If a line in the records below contains the word "definition", return that line.

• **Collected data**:

'''

(* (a) Let $v_1,\dots,v_n$ be i.i.d. $\mathcal N(0,I_d/d)$ in $\mathbb R^d$ with $n\ge c\,d^2/\log d$ for a fixed constant $c>0$. For any fixed $\epsilon>0$, with probability $1-e^{-\Omega(d)}$, $$\inf_{x\in S^{d-1}}\frac1n\sum_{i=1}^n|x^\top v_i|\ \ge\ \sqrt{\frac{2-\epsilon}{\pi d}}.$$ (b) If instead $v_1,\dots,v_n\in\mathbb R^d\setminus\{0\}$ are deterministic and satisfy $\|v_i\|\lesssim1$, $\frac1n\sum_iv_iv_i^\top\succeq\frac{c'}{d}I_d$ and $\sup_{\|x\|=1}\frac1n\sum_i\langle v_i,x\rangle^4\lesssim d^{-2}$ (fixed implicit constants), then deterministically $\inf_{x\in S^{d-1}}\frac1n\sum_i|x^\top v_i|\ge C/\sqrt d$ for a constant $C>0$ depending only on these implicit constants.
   Context: $S^{d-1}$ is the unit sphere in $\mathbb R^d$. Part (a) holds for all sufficiently large $d$. *)

theory Defs
  imports "HOL-Probability.Probability"
begin

text \<open>Vectors in R^d are represented as functions nat => real, only the
coordinates j < d being relevant; a family v_1..v_n is v :: nat => nat => real
(v i j = j-th coordinate of the i-th vector, i < n, j < d).\<close>

definition sphere_d :: "nat \<Rightarrow> (nat \<Rightarrow> real) set" where
  "sphere_d d = {x. (\<Sum>j<d. (x j)\<^sup>2) = 1}"

definition inner_d :: "nat \<Rightarrow> (nat \<Rightarrow> real) \<Rightarrow> (nat \<Rightarrow> real) \<Rightarrow> real" where
  "inner_d d x y = (\<Sum>j<d. x j * y j)"

definition norm_d :: "nat \<Rightarrow> (nat \<Rightarrow> real) \<Rightarrow> real" where
  "norm_d d x = sqrt (\<Sum>j<d. (x j)\<^sup>2)"

definition avg_abs_proj :: "nat \<Rightarrow> nat \<Rightarrow> (nat \<Rightarrow> nat \<Rightarrow> real) \<Rightarrow> (nat \<Rightarrow> real) \<Rightarrow> real" where
  "avg_abs_proj n d v x = (1 / real n) * (\<Sum>i<n. \<bar>inner_d d x (v i)\<bar>)"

'''

• **Result of the exercise**:
definition sphere_d :: "nat \<Rightarrow> (nat \<Rightarrow> real) set" where
definition inner_d :: "nat \<Rightarrow> (nat \<Rightarrow> real) \<Rightarrow> (nat \<Rightarrow> real) \<Rightarrow> real" where
definition norm_d :: "nat \<Rightarrow> (nat \<Rightarrow> real) \<Rightarrow> real" where
definition avg_abs_proj :: "nat \<Rightarrow> nat \<Rightarrow> (nat \<Rightarrow> nat \<Rightarrow> real) \<Rightarrow> (nat \<Rightarrow> real) \<Rightarrow> real" where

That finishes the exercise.